Die Beamten hier sprechen von Zusammenarbeit mit China; Kinmen liegt nur wenige Kilometer vor der Küste des Festlandes. Am zweiten Tag der jüngsten Militärübung in Peking besuchte der stellvertretende Bürgermeister des Kreises Kinmen China, um über einen Schwimmwettbewerb zwischen den Straßen zu sprechen.

“Mache ich mir Sorgen über eine chinesische Invasion? Natürlich mache ich mir Sorgen”, sagte der stellvertretende Bürgermeister, Li Wen-Liang. “Aber wir sollten die Kommunikationskanäle, die wir aufgebaut haben, nicht aus Angst schließen.

Ahming, ein braungebrannter, weißbärtiger taiwanesischer Fischer in Kinmen, war sogar noch entspannter. Er sagte, die jüngsten Aktivitäten Chinas in der Grauzone hätten sich positiv auf seine Arbeit ausgewirkt.
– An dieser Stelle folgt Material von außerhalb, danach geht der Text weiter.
lemma tsetdist_diag_tuple_What:
  assumes mid: "\<forall>l\<in>{1..L-1}. d l \<ge> dmin d L" and i: "i < dmin d L" and L3: "L \<ge> 3"
    and "s0 \<ge> 0" "h \<ge> 0"
  shows "h \<le> tsetdist L (diag_tuple d L i (s0 + h)) (What d L y (single_vec i s0))"
    and "tsetdist L (diag_tuple d L i (s0 + h)) (What d L y (single_vec i s0)) \<le> sqrt (real L) * h"
proof -
  let ?D = "tdist L (diag_tuple d L i (s0 + h)) ` What d L y (single_vec i s0)"
  have center: "diag_tuple d L i s0 \<in> What d L y (single_vec i s0)"
    using diag_tuple_in_What[OF i mid \<open>s0 \<ge> 0\<close>] L3 by simp
  show "h \<le> tsetdist L (diag_tuple d L i (s0 + h)) (What d L y (single_vec i s0))"
    unfolding tsetdist_def
    using center diag_tuple_dist_What_lower[OF mid i L3 \<open>s0 \<ge> 0\<close>, of _ y "s0 + h"]
    by (intro cInf_greatest) auto
  have "bdd_below ?D"
    by (rule bdd_belowI[of _ 0]) (auto simp: tdist_def fro2_nonneg intro!: sum_nonneg)
  then have "tsetdist L (diag_tuple d L i (s0 + h)) (What d L y (single_vec i s0))
      \<le> tdist L (diag_tuple d L i (s0 + h)) (diag_tuple d L i s0)"
    unfolding tsetdist_def using center by (intro cInf_lower) auto
  also have "\<dots> = sqrt (real L) * h"
    using tdist_diag_tuple[OF mid i] \<open>h \<ge> 0\<close> by simp
  finally show "tsetdist L (diag_tuple d L i (s0 + h)) (What d L y (single_vec i s0)) \<le> sqrt (real L) * h" .
qed

section \<open>The double root at the threshold\<close>

lemma crit_poly_has_derivative:
  "(crit_poly L lam Y has_real_derivative
     real (2 * L - 1) * s ^ (2 * L - 2) - sqrt lam * Y * (real (L - 1) * s ^ (L - 2)) + lam) (at s)"
proof -
  have "2 * L - 1 - 1 = 2 * L - 2" "L - 1 - 1 = L - 2" by auto
  then show ?thesis unfolding crit_poly_def[abs_def] by (auto intro!: derivative_eq_intros)
qed
lemma U_deriv_Vpot: "U * deriv (Vpot m g) U = (1 / g) * (Uc m ^ m - (Uc m - U) ^ m)"
proof -
  have "U * deriv (Vpot m g) U
      = (1 / g) * (U * (\<Sum>k=1..m. Uc m ^ (m - k) * (Uc m - U) ^ (k - 1)))"
    by (simp only: deriv_Vpot mult.left_commute)
  also have "\<dots> = (1 / g) * (Uc m ^ m - (Uc m - U) ^ m)"
    by (simp only: geometric_telescope)
  finally show ?thesis .
qed

lemma self_consistency_iff:
  assumes "0 < g"
  shows "U * deriv (Vpot m g) U = 1 \<longleftrightarrow> g = gc m - (Uc m - U) ^ m"
  using assms by (auto simp: U_deriv_Vpot gc_def field_simps)

lemma Ug_solution:
  assumes "0 < m" "0 < g" "g < gc m"
  shows "0 < Ug m g \<and> g = gc m - (Uc m - Ug m g) ^ m"
proof
  have "(gc m - g) powr (1 / real m) < gc m powr (1 / real m)"
    using assms by (intro powr_less_mono2) auto
  also have "gc m powr (1 / real m) = Uc m"
    using power_powr_nat[of "Uc m" m 1] assms(1) by (simp add: gc_def Uc_pos)
  finally show "0 < Ug m g"
    by (simp add: Ug_def)
  show "g = gc m - (Uc m - Ug m g) ^ m"
    using assms by (simp add: Ug_def powr_root_power)
qed

section \<open>The free energy in the scaling variable\<close>

text \<open>The truncated series of -ln(1 - t).\<close>
definition log_partial :: "nat \<Rightarrow> real \<Rightarrow> real" where
  "log_partial N t = (\<Sum>k=1..N. t ^ k / real k)"

lemma log_partial_zero: "log_partial N 0 = 0"
  by (auto simp: log_partial_def intro: sum.neutral)

lemma Vpot_scaled:
  "Vpot m g (Uc m * (1 - t)) = (1 / g) * (Uc m ^ m * (Hm m - log_partial m t))"
proof -
  have term_eq: "(1 / real k) * u ^ (m - k) * (u ^ k - (u - u * (1 - t)) ^ k)
      = u ^ m * (1 / real k - t ^ k / real k)" if "k \<in> {1..m}" for k and u :: real
  proof -
    have "u ^ (m - k) * u ^ k = u ^ m"
      using that by (simp add: power_add[symmetric])
    moreover have "u - u * (1 - t) = u * t"
      by (simp add: right_diff_distrib)
    ultimately show ?thesis
      by (simp add: power_mult_distrib right_diff_distrib diff_divide_distrib
          mult.commute mult.left_commute)
  qed
  have "(\<Sum>k=1..m. (1 / real k) * Uc m ^ (m - k) * (Uc m ^ k - (Uc m - Uc m * (1 - t)) ^ k))
      = (\<Sum>k=1..m. Uc m ^ m * (1 / real k - t ^ k / real k))"
    by (rule sum.cong) (simp_all only: term_eq)
  also have "\<dots> = Uc m ^ m * (Hm m - log_partial m t)"
    by (simp add: Hm_def log_partial_def sum_distrib_left[symmetric] sum_subtractf)
  finally show ?thesis
    by (simp add: Vpot_def)
qed

text \<open>At criticality U(g_c) = U_c and V(U_c) = H_m, so f_0(g_c) = H_m - ln U_c.\<close>
lemma f0_critical:
  assumes "0 < m"
  shows "f0 m (gc m) = Hm m - ln (Uc m)"
proof -
  have "Vpot m (gc m) (Uc m * (1 - 0)) = Hm m"
    using Uc_pos[OF assms] by (simp only: Vpot_scaled) (simp add: gc_def log_partial_zero)
  then show ?thesis
    by (simp add: f0_def Ug_def)
qed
Da die taiwanesische Küstenwache regelmäßig in den Gewässern patrouilliert, in denen er fischt, dringen chinesische Trawler nicht mehr in großer Zahl in Taiwans Gewässer ein.

“Ich glaube nicht, dass China so schlimm ist, wie die Leute denken”, sagte Ahming, während er nach einem Tag auf See geschickt sein Fischernetz entwirrte. “Sie nehmen immer einen Zentimeter, geben einen Zentimeter. Wenn sie wirklich Gewalt anwenden wollen, können wir nichts tun.”